At least I think that's what GP was saying. I don't actually know what rules are applied. It would be interesting to see a graph of miscarriages month-by-month as well as deaths month-by-month.
It's all over the map, there are even societies where the baby isn't considered a person until some time after birth.
It's certainly enough to question the relevance of the statistics.
What societies? Some of the countries in the graph?
So technically not actually predicting an expected lifespan (thermonuclear war could happen after all) but allows longitudinal and secular analysis.
(any more specifically than those deaths adding to the overall death rate)
If you want greater resolution on a process like this you'll do better to search yourself than to reply on HN commenters like me.
By taking out those with a very general correlation for 'does not take care of their own health', we'd get a truer measure of the relative effectiveness of the respective health care systems.
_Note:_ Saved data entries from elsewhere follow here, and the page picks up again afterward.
lemma int_submodule_has_lattice_basis:
  assumes "int_submodule n M"
  shows "\<exists>V. is_lattice_basis n M V"
proof -
  have "\<exists>V. is_lattice_basis n M V"
    if "k \<le> n" "int_submodule n M" "\<forall>v\<in>M. \<forall>i\<in>{k..<n}. v $ i = 0" for k M
    using that
  proof (induction k arbitrary: M)
    case 0
    then have "M = {0\<^sub>v n}" unfolding int_submodule_def by (auto simp: vec_eq_iff)
    then show ?case using lattice_basis_zero by blast
  next
    case (Suc k)
    have M: "int_submodule n M" and k: "k < n" using Suc.prems by auto
    have Mc: "M \<subseteq> carrier_vec n" using M unfolding int_submodule_def by auto
    define M' where "M' = {v \<in> M. v $ k = 0}"
    have "int_submodule n M'"
      unfolding M'_def by (rule int_submodule_coordinate_kernel[OF M k])
    moreover have "\<forall>v\<in>M'. \<forall>i\<in>{k..<n}. v $ i = 0"
      using Suc.prems(3) unfolding M'_def
      by (metis (mono_tags, lifting) atLeastLessThan_iff le_neq_implies_less Suc_leI mem_Collect_eq)
    ultimately obtain V where V: "is_lattice_basis n M' V"
      using Suc.IH k by (meson Suc_leD less_imp_le_nat)
    obtain m where m: "m \<in> M" and m_dvd: "\<And>v. v \<in> M \<Longrightarrow> m $ k dvd v $ k"
      using int_submodule_coordinate_generator[OF M k] by blast
    show ?case
    proof (cases "m $ k = 0")
      case True
      then have "M' = M" using m_dvd unfolding M'_def by auto
      then show ?thesis using V by blast
    next
      case False
      then show ?thesis
        using lattice_basis_append_col[OF V[unfolded M'_def] _ k False _
            int_submodule_coordinate_decomp[OF M k m m_dvd]] m Mc by blast
    qed
  qed
  from this[of n M] show ?thesis using assms by simp
qed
But it's an available statistic.
If we had doctors report on body fat % (even done with shotty capacitance) or hip/waist ratio we'd be better off.
Also has impressive numbers in other charts.
The question is what the lag on health effects of that was. We know from things like smoking prevention and childhood diseases that the lag can be huge, anything up to half a century.
Framed in the opposite direction: could the US put in any form of price control to equalize this metric without significant impact to the continued investment in the field?